According to the Miracle Grow website both products are available. The organic components of the two are basically the same, peat moss and composted bark plus other organics. Miracle Grow Organic Choice Potting Mix uses pasteurized poultry litter for the nitrogen, etc. The Miracle Grow Natures Care uses the same source for nitrogen it does have 2X the amount of N, P, and K as the Organic Choice which could be a concern. The Natures Care product states it has "water conserve" which likely means they have added Miracle Gro Water Storing Crystals which are 100% Polyacrylamide. Read up on polyacrylamide and see what you think; what concerned me were comments about breaking down at 'elevated PH's' into ammonia. Also the comment about polyacrylamide containing minute amounts of acrylamide, a known neurotoxin concerns me.

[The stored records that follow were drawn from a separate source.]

lemma integral_exp_mart_le_1:
  assumes "l > 0" "k \<le> n"
  shows "(\<integral>x. exp_mart l k x \<partial>M) \<le> 1"
  using assms(2)
proof (induction k)
  case 0 then show ?case by (simp add: exp_mart_def prob_space)
next
  case (Suc k)
  define H where "H = exp_mart_coeff l k"
  note H = exp_mart_Suc_le[OF assms(1) Suc.prems, folded H_def]
  have s: "Suc k \<in> {1..n}" using Suc.prems by auto
  have HZ_integrable: "integrable M (\<lambda>x. H x * Z (Suc k) x)"
  proof (rule integrable_const_bound[where B="exp (k * (l * B)) * (l * exp (l * B)) * B"])
    show "(\<lambda>x. H x * Z (Suc k) x) \<in> borel_measurable M"
      using measurable_from_subalg[OF subalgebra_Fl H(1)] Z_borel_measurable[OF s] by measurable
    show "AE x in M. norm (H x * Z (Suc k) x) \<le> exp (k * (l * B)) * (l * exp (l * B)) * B"
      using H(2) Z_dominated[OF s]
    proof (rule AE_mp[OF _ AE_mp[OF _ AE_I2]], intro impI)
      fix x assume x: "x \<in> space M" and "\<bar>H x\<bar> \<le> exp (k * (l * B)) * (l * exp (l * B))"
        "\<bar>Z (Suc k) x\<bar> \<le> Y (Suc k) x"
      then show "norm (H x * Z (Suc k) x) \<le> exp (k * (l * B)) * (l * exp (l * B)) * B"
        using Y_bounded[OF s x] by (auto simp: abs_mult intro!: mult_mono)
    qed
  qed
  have k: "k \<le> n" using Suc.prems by simp
  have "(\<integral>x. exp_mart l (Suc k) x \<partial>M) \<le> (\<integral>x. exp_mart l k x + H x * Z (Suc k) x \<partial>M)"
    using integrable_exp_mart[OF assms(1)] Suc.prems k HZ_integrable H(3) by (intro integral_mono_AE) auto
  also have "\<dots> = (\<integral>x. exp_mart l k x \<partial>M) + (\<integral>x. H x * Z (Suc k) x \<partial>M)"
    using integrable_exp_mart[OF assms(1) k] HZ_integrable by simp
  also have "\<dots> = (\<integral>x. exp_mart l k x \<partial>M)"
    using Z_orthogonal[OF s H(1) H(2)] by simp
  finally show ?case using Suc.IH[OF k] by simp
qed

lemma tail_bound:
  assumes l: "l > 0" and dl: "dl > 0"
  shows "prob {x \<in> space M. (\<Sum>s=1..n. Z s x) > l / 2 * (\<Sum>s=1..n. (Y s x)\<^sup>2) + ln (1 / dl) / l} \<le> dl"
proof -
  have "{x \<in> space M. (\<Sum>s=1..n. Z s x) > l / 2 * (\<Sum>s=1..n. (Y s x)\<^sup>2) + ln (1 / dl) / l}
      \<subseteq> {x \<in> space M. exp_mart l n x \<ge> 1 / dl}"
  proof safe
    fix x assume "x \<in> space M" "(\<Sum>s=1..n. Z s x) > l / 2 * (\<Sum>s=1..n. (Y s x)\<^sup>2) + ln (1 / dl) / l"
    then have "ln (1 / dl) < l * (\<Sum>s=1..n. Z s x) - l\<^sup>2 / 2 * (\<Sum>s=1..n. (Y s x)\<^sup>2)"
      using l by (simp add: field_simps power2_eq_square)
    also have "\<dots> = (\<Sum>s=1..n. l * Z s x - (l * Y s x)\<^sup>2 / 2)"
      by (simp add: sum_subtractf sum_distrib_left sum_divide_distrib power_mult_distrib)
    finally have "exp (ln (1 / dl)) < exp_mart l n x" by (simp add: exp_mart_def)
    then show "1 / dl \<le> exp_mart l n x" using dl by simp
  qed
  then have "prob {x \<in> space M. (\<Sum>s=1..n. Z s x) > l / 2 * (\<Sum>s=1..n. (Y s x)\<^sup>2) + ln (1 / dl) / l}
      \<le> prob {x \<in> space M. exp_mart l n x \<ge> 1 / dl}"
    using exp_mart_borel_measurable[OF order_refl] by (intro finite_measure_mono) measurable
  also have "\<dots> \<le> (\<integral>x. exp_mart l n x \<partial>M) / (1 / dl)"
    using integrable_exp_mart[OF l] exp_mart_pos dl
    by (intro integral_Markov_inequality_measure) (auto simp: less_imp_le)
  also have "\<dots> \<le> dl" using integral_exp_mart_le_1[OF l, of n] dl by (simp add: field_simps)
  finally show ?thesis .
qed

lemma AE_sum_Z_eq_0:
  assumes "\<And>s x. s \<in> {1..n} \<Longrightarrow> x \<in> space M \<Longrightarrow> Y s x = 0"
  shows "AE x in M. (\<Sum>s=1..n. Z s x) = 0"
proof -
  have "AE x in M. \<forall>s\<in>{1..n}. \<bar>Z s x\<bar> \<le> Y s x" by (intro AE_finite_allI) (auto intro!: Z_dominated)
  then show ?thesis by (rule AE_mp[OF _ AE_I2]) (use assms in \<open>auto intro!: sum.neutral\<close>)
qed

lemma tail_bound_scaled_pos:
  assumes YR: "\<And>s x. s \<in> {1..n} \<Longrightarrow> x \<in> space M \<Longrightarrow> (Y s x)\<^sup>2 \<le> kap * R s x"
    and kap: "kap > 0" and mu: "mu > 0" and dl: "dl > 0"
  shows "prob {x \<in> space M. (\<Sum>s=1..n. Z s x) > mu * (\<Sum>s=1..n. R s x) + kap * ln (1 / dl) / (2 * mu)} \<le> dl"
proof -
  define l where "l = 2 * mu / kap"
  have l: "l > 0" unfolding l_def using kap mu by simp
  have "{x \<in> space M. (\<Sum>s=1..n. Z s x) > mu * (\<Sum>s=1..n. R s x) + kap * ln (1 / dl) / (2 * mu)}
      \<subseteq> {x \<in> space M. (\<Sum>s=1..n. Z s x) > l / 2 * (\<Sum>s=1..n. (Y s x)\<^sup>2) + ln (1 / dl) / l}"
  proof safe
    fix x assume x: "x \<in> space M"
      and gt: "(\<Sum>s=1..n. Z s x) > mu * (\<Sum>s=1..n. R s x) + kap * ln (1 / dl) / (2 * mu)"
    have "l / 2 * (\<Sum>s=1..n. (Y s x)\<^sup>2) \<le> l / 2 * (\<Sum>s=1..n. kap * R s x)"
      using YR[OF _ x] l by (intro mult_left_mono sum_mono) auto
    also have "\<dots> = mu * (\<Sum>s=1..n. R s x)"
      unfolding l_def using kap by (simp add: sum_distrib_left[symmetric])
    moreover have "ln (1 / dl) / l = kap * ln (1 / dl) / (2 * mu)" using kap mu by (simp add: l_def)
    ultimately show "(\<Sum>s=1..n. Z s x) > l / 2 * (\<Sum>s=1..n. (Y s x)\<^sup>2) + ln (1 / dl) / l"
      using gt by linarith
  qed
  then have "prob {x \<in> space M. (\<Sum>s=1..n. Z s x) > mu * (\<Sum>s=1..n. R s x) + kap * ln (1 / dl) / (2 * mu)}
      \<le> prob {x \<in> space M. (\<Sum>s=1..n. Z s x) > l / 2 * (\<Sum>s=1..n. (Y s x)\<^sup>2) + ln (1 / dl) / l}"
  proof (rule finite_measure_mono)
    have [measurable]: "Z s \<in> borel_measurable M" "Y s \<in> borel_measurable M" if "s \<in> {1..n}" for s
      using that by (auto intro: Z_borel_measurable Y_borel_measurable)
    show "{x \<in> space M. (\<Sum>s=1..n. Z s x) > l / 2 * (\<Sum>s=1..n. (Y s x)\<^sup>2) + ln (1 / dl) / l} \<in> sets M"
      by measurable
  qed
  also have "\<dots> \<le> dl" by (rule tail_bound[OF l dl])
  finally show ?thesis .
qed

lemma tail_bound_scaled:
  assumes YR: "\<And>s x. s \<in> {1..n} \<Longrightarrow> x \<in> space M \<Longrightarrow> (Y s x)\<^sup>2 \<le> kap * R s x"
    and R_nonneg: "\<And>s x. s \<in> {1..n} \<Longrightarrow> x \<in> space M \<Longrightarrow> 0 \<le> R s x"
    and kap: "kap \<ge> 0" and mu: "mu > 0" and dl: "dl > 0"
  shows "prob {x \<in> space M. (\<Sum>s=1..n. Z s x) > mu * (\<Sum>s=1..n. R s x) + kap * ln (1 / dl) / (2 * mu)} \<le> dl"
proof (cases "kap = 0")
  case True
  have "AE x in M. (\<Sum>s=1..n. Z s x) = 0" using YR True by (intro AE_sum_Z_eq_0) simp
  then have "AE x in M. \<not> (\<Sum>s=1..n. Z s x) > mu * (\<Sum>s=1..n. R s x) + kap * ln (1 / dl) / (2 * mu)"
  proof (rule AE_mp[OF _ AE_I2], intro impI)
    fix x assume x: "x \<in> space M" and "(\<Sum>s=1..n. Z s x) = 0"
    moreover have "0 \<le> mu * (\<Sum>s=1..n. R s x)"
      using mu R_nonneg[OF _ x] by (intro mult_nonneg_nonneg sum_nonneg) auto
    ultimately show "\<not> (\<Sum>s=1..n. Z s x) > mu * (\<Sum>s=1..n. R s x) + kap * ln (1 / dl) / (2 * mu)"
      using True by simp
  qed
  from prob_eq_0_AE[OF this] show ?thesis using dl by simp
next
  case False
  then show ?thesis using YR kap mu dl by (intro tail_bound_scaled_pos) auto
qed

Amazon still lists Miracle Gro Organic Choice on their website.

Hi jwd911,

As for the stones / rocks avoid limestones, sandstones, and marble they will affect your water parameters; go with granites, shales, basalts, or other 'hard' stones. If you put vinegar on it and it fizzes pass.

Basalt (however I went with Malaysian driftwood for this 'scape)


----------



## jwd911 (Apr 18, 2016)

Seattle_Aquarist said:


> Hi jwd911,
> 
> According to the Miracle Grow website both products are available. The organic components of the two are basically the same, peat moss and composted bark plus other organics. Miracle Grow Organic Choice Potting Mix uses pasteurized poultry litter for the nitrogen, etc. The Miracle Grow Natures Care uses the same source for nitrogen it does have 2X the amount of N, P, and K as the Organic Choice which could be a concern. The Natures Care product states it has "water conserve" which likely means they have added Miracle Gro Water Storing Crystals which are 100% Polyacrylamide. Read up on polyacrylamide and see what you think; what concerned me were comments about breaking down at 'elevated PH's' into ammonia. Also the comment about polyacrylamide containing minute amounts of acrylamide, a known neurotoxin concerns me.
> 
> ...


I did see the 2x of those 3 ingredients. I've read on another thread here that someone said their ammonia level went up to .5 or 1 ppm but if that decreases in time it should be okay because that ammonia could naturally cycle my tank. The magic question is will it leach for a long period of time BUT the bacteria that builds up over time could consume that ammonia? I love your rock, it looks great. I'm going to bring a little spray bottle of vinegar to the nursery and try out the rocks. I'm a little worried about the weight of those rocks that i posted. I'd just be putting a couple of them in there but still... they're huge (basketball size). 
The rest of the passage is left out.